Воля к жизни | страница 43
За поясом у Гречки топор. Спокойно, деловито, не теряя времени на лишние разговоры, он начинает затесывать колышки для палатки. Пальцы его держат топор ловко и цепко.
Где ставить палатку? Гречка советует:
— Вон под тем дубом. Там больше листвы, деревья гуще. Самолетам не будет заметно…
Достаем лопаты и расчищаем площадку для палатки. Снимаем дерн. На небольшой глубине под перегноем слой светлого песка.
«Пусть недолго придется стоять на месте, может быть, через день-два покинем этот лагерь — все равно надо строить как можно лучше», — решаю я.
Вижу, что санитару весьма по душе мой серьезный подход к строительству палатки.
— Так будет гарно! — одобряет он.
Белый парашютный шелк приятно шуршит в руках. «Прочный материал и легкий!» — любуется Гречка. Туго натягиваем палатку. Шелк звенит, как струна.
Спиливаем березку, очищаем ее от веток, режем на чурбаки.
— Тимофей Константинович, раненого привезли! — зовет меня Кривцов.
Бросаем топоры, спешим к раненому.
Партизан средних лет лежит в крестьянской телеге. Видно, что везли его издалека. Лицо его замотано грязными окровавленными тряпками и шерстяным женским платком. Глаза обращены ко мне, но он не видит меня, не видит ничего на свете. Он почти без сознания от боли. Тихо, глухо стонет. «У него вырван язык». — говорит привезший раненого хлопец.
— Кто он? Откуда?
— А не знаю.
Втроем — Гречка, Кривцов и я — поднимаем партизана, кладем его на носилки. Правая рука его висит, как чужая. Висит как бы на одном рукаве. Осторожно! Осторожно! Втаскиваем носилки в палатку. Ставим их на четыре столба. Трава путается под ногами.
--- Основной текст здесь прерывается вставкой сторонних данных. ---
definition box_bump_partial ::
    "'a::euclidean_space \<Rightarrow> 'a \<Rightarrow> real \<Rightarrow> ('a \<Rightarrow> real poly) \<Rightarrow> ('a \<Rightarrow> nat) \<Rightarrow> 'a \<Rightarrow> 'a \<Rightarrow> real"
  where "box_bump_partial a b C P k j = box_bump a b (C / (b \<bullet> j - a \<bullet> j))
     (P(j := bump_deriv_poly (P j) (k j))) (k(j := k j + 2))"

lemma box_bump_has_partial_derivative:
  fixes a b :: "'a::euclidean_space"
  assumes j: "j \<in> Basis"
  shows "((\<lambda>t. box_bump a b C P k (x + t *\<^sub>R j)) has_real_derivative
    box_bump_partial a b C P k j x) (at 0)"
proof -
  define coord where "coord i y = (y - a \<bullet> i) / (b \<bullet> i - a \<bullet> i)" for i y
  define R where "R = (\<Prod>i\<in>Basis - {j}. bump (P i) (k i) (coord i (x \<bullet> i)))"
  have shift: "box_bump a b C P k (x + t *\<^sub>R j) = C * bump (P j) (k j) (coord j (x \<bullet> j + t)) * R" for t
  proof -
    have "(\<Prod>i\<in>Basis - {j}. bump (P i) (k i) (coord i ((x + t *\<^sub>R j) \<bullet> i))) = R"
      unfolding R_def using j by (intro prod.cong) (auto simp: inner_add_left inner_Basis)
    then show ?thesis
      using j by (simp add: box_bump_def coord_def prod.remove inner_add_left)
  qed
  have partial: "box_bump_partial a b C P k j x =
      C * (bump (bump_deriv_poly (P j) (k j)) (k j + 2) (coord j (x \<bullet> j + 0))
        * (1 / (b \<bullet> j - a \<bullet> j))) * R"
    using j by (simp add: box_bump_partial_def box_bump_def coord_def R_def prod.remove)
  have "((\<lambda>t. bump (P j) (k j) (coord j (x \<bullet> j + t))) has_real_derivative
      bump (bump_deriv_poly (P j) (k j)) (k j + 2) (coord j (x \<bullet> j + 0))
        * (1 / (b \<bullet> j - a \<bullet> j))) (at 0)"
    unfolding coord_def
    by (rule DERIV_chain2[OF bump_has_real_derivative], rule DERIV_cdivide[where D=1])
       (auto intro!: derivative_eq_intros)
  from DERIV_cmult_right[OF DERIV_cmult[OF this, of C], of R]
  show ?thesis unfolding shift partial by simp
qed

lemma box_bump_differentiable: "box_bump a b C P k differentiable (at x)"
proof -
  have "((\<lambda>x. (x \<bullet> i - a \<bullet> i) / (b \<bullet> i - a \<bullet> i)) has_derivative
      (\<lambda>h. (h \<bullet> i - 0) / (b \<bullet> i - a \<bullet> i))) (at x)" for i
    by (rule bounded_linear.has_derivative[OF bounded_linear_divide])
       (auto intro!: derivative_eq_intros)
  note factor = DERIV_compose_FDERIV[OF bump_has_real_derivative this]
  show ?thesis
    unfolding box_bump_def
    by (rule differentiableI, rule has_derivative_mult[OF has_derivative_const],
        rule has_derivative_prod, rule factor)
qed

lemma continuous_on_box_bump: "continuous_on S (box_bump a b C P k)"
  by (meson box_bump_differentiable continuous_at_imp_continuous_on
      differentiable_imp_continuous_within)

lemma smooth_on_box_bump:
  fixes a b :: "'a::euclidean_space"
  shows "smooth_on S (box_bump a b C P k)"
  unfolding smooth_on_def
proof (intro exI[of _ "{box_bump a b C P k | C P k. True}"] conjI ballI)
  fix g and i :: 'a assume "g \<in> {box_bump a b C P k | C P k. True}" and i: "i \<in> Basis"
  then obtain C P k where g: "g = box_bump a b C P k" by auto
  show "\<exists>g'\<in>{box_bump a b C P k | C P k. True}. \<forall>x\<in>S.
      ((\<lambda>t. g (x + t *\<^sub>R i)) has_real_derivative g' x) (at 0)"
    using box_bump_has_partial_derivative[OF i] unfolding g box_bump_partial_def by blast
qed (auto simp: continuous_on_box_bump)

lemma grad_box_bump: "grad (box_bump a b C P k) x = (\<Sum>j\<in>Basis. box_bump_partial a b C P k j x *\<^sub>R j)"
proof -
  obtain D where D: "(box_bump a b C P k has_derivative D) (at x)"
    using box_bump_differentiable differentiable_def by blast
  have "D j = box_bump_partial a b C P k j x" if j: "j \<in> Basis" for j
  proof -
    have "((\<lambda>t::real. x + t *\<^sub>R j) has_derivative (\<lambda>t. t *\<^sub>R j)) (at 0)"
      by (auto intro!: derivative_eq_intros)
    from has_derivative_compose[OF this] D
    have "((\<lambda>t. box_bump a b C P k (x + t *\<^sub>R j)) has_derivative (\<lambda>t. D (t *\<^sub>R j))) (at 0)"
      by simp
    moreover have "(\<lambda>t. D (t *\<^sub>R j)) = (\<lambda>t. D j * t)"
      using linear_scale[OF has_derivative_linear[OF D]] by (auto simp: mult.commute)
    ultimately have "((\<lambda>t. box_bump a b C P k (x + t *\<^sub>R j)) has_real_derivative D j) (at 0)"
      by (simp add: has_field_derivative_def)
    then show ?thesis using box_bump_has_partial_derivative[OF j] by (rule DERIV_unique)
  qed
  moreover have "frechet_derivative (box_bump a b C P k) (at x) = D"
    using frechet_derivative_at[OF D] by simp
  ultimately show ?thesis unfolding grad_def by simp
qed

lemma grad_box_bump_scale: "grad (box_bump a b C P k) x = C *\<^sub>R grad (box_bump a b 1 P k) x"
  by (simp add: grad_box_bump scaleR_sum_right box_bump_partial_def box_bump_def)

lemma continuous_on_grad_box_bump: "continuous_on S (grad (box_bump a b C P k))"
  unfolding grad_box_bump[abs_def] box_bump_partial_def
  by (intro continuous_intros continuous_on_box_bump)

lemma box_bump_eq_0:
  assumes "\<forall>i\<in>Basis. a \<bullet> i < b \<bullet> i" and "x \<notin> box a b"
  shows "box_bump a b C P k x = 0"
proof -
  obtain i where i: "i \<in> Basis" "\<not> (a \<bullet> i < x \<bullet> i \<and> x \<bullet> i < b \<bullet> i)"
    using assms(2) by (auto simp: mem_box)
  then have "bump (P i) (k i) ((x \<bullet> i - a \<bullet> i) / (b \<bullet> i - a \<bullet> i)) = 0"
    using assms(1) by (intro bump_eq_0) (auto simp: field_simps)
  then show ?thesis unfolding box_bump_def using i(1) by (auto intro!: prod_zero)
qed
lemma Delta_eq_carries:
  assumes "r < b ^ K" "m < b ^ K"
  shows "Delta b r m = int (sdig b r) - int (b - 1) * int (carries b r K m)"
proof -
  have "b ^ K + b ^ K \<le> b ^ Suc K"
    using mult_right_mono[OF base_ge_2, of "b ^ K"] by (simp add: mult_2)
  then have mr: "m + r < b ^ Suc K" and m: "m < b ^ Suc K" and r: "r < b ^ Suc K"
    using assms by linarith+
  have split: "(m + r) div b ^ Suc j = m div b ^ Suc j + r div b ^ Suc j + carry b r (Suc j) m" for j
    unfolding carry_def by (rule div_add1_eq)
  have "carry b r (Suc K) m = 0"
    using mr m r by (simp add: carry_eq)
  then have "(\<Sum>j<Suc K. (m + r) div b ^ Suc j)
      = (\<Sum>j<Suc K. m div b ^ Suc j) + (\<Sum>j<Suc K. r div b ^ Suc j) + carries b r K m"
    unfolding split carries_def by (simp add: sum.distrib)
  then have "sdig b (m + r) + (b - 1) * carries b r K m = sdig b m + sdig b r"
    using sdig_legendre[OF mr] sdig_legendre[OF m] sdig_legendre[OF r] by (simp add: distrib_left)
  then have "int (sdig b (m + r)) + int (b - 1) * int (carries b r K m) = int (sdig b m) + int (sdig b r)"
    by (metis of_nat_add of_nat_mult)
  then show ?thesis
    unfolding Delta_def by simp
qed

lemma Delta_mult_power_add:
  assumes "m + r < b ^ K"
  shows "Delta b r (q * b ^ K + m) = Delta b r m"
  using sdig_mult_power_add[OF assms, of q] sdig_mult_power_add[of m K q] assms
  unfolding Delta_def by (simp add: add.assoc)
Аня неподалеку от палатки разводит костер, закладывает в автоклав перевязочные материалы. Приходит Свентицкий. Приходит Георгий Иванович, спрашивает, не нужен ли будет он.
Раненый стонет. Разматываю платок, снимаю грязные тряпки с лица. Подбородка и щеки нет. В глубине широкого провала на месте рта остатки языка, осколки костей, зубов, сгустки запекшейся крови. Нижняя челюсть наполовину отсутствует, остаток ее торчит криво. Если человек этот выживет, как он сможет есть и говорить? Ему нечем будет жевать. Даже пить ему можно будет только через трубку — рта у него нет.
Аня застыла, не в силах оторвать взгляда от лица раненого. В ее широко раскрытых глазах ужас.
— Приготовьте руки!
Говорю громко, чтобы вывести ее из оцепенения. Она вздрагивает и смотрит на меня, ничего не понимая.
— Руки, руки!
Она опять ничего не понимает.
Готовлю растворы лизола, йода, спирта, лью ей на руки.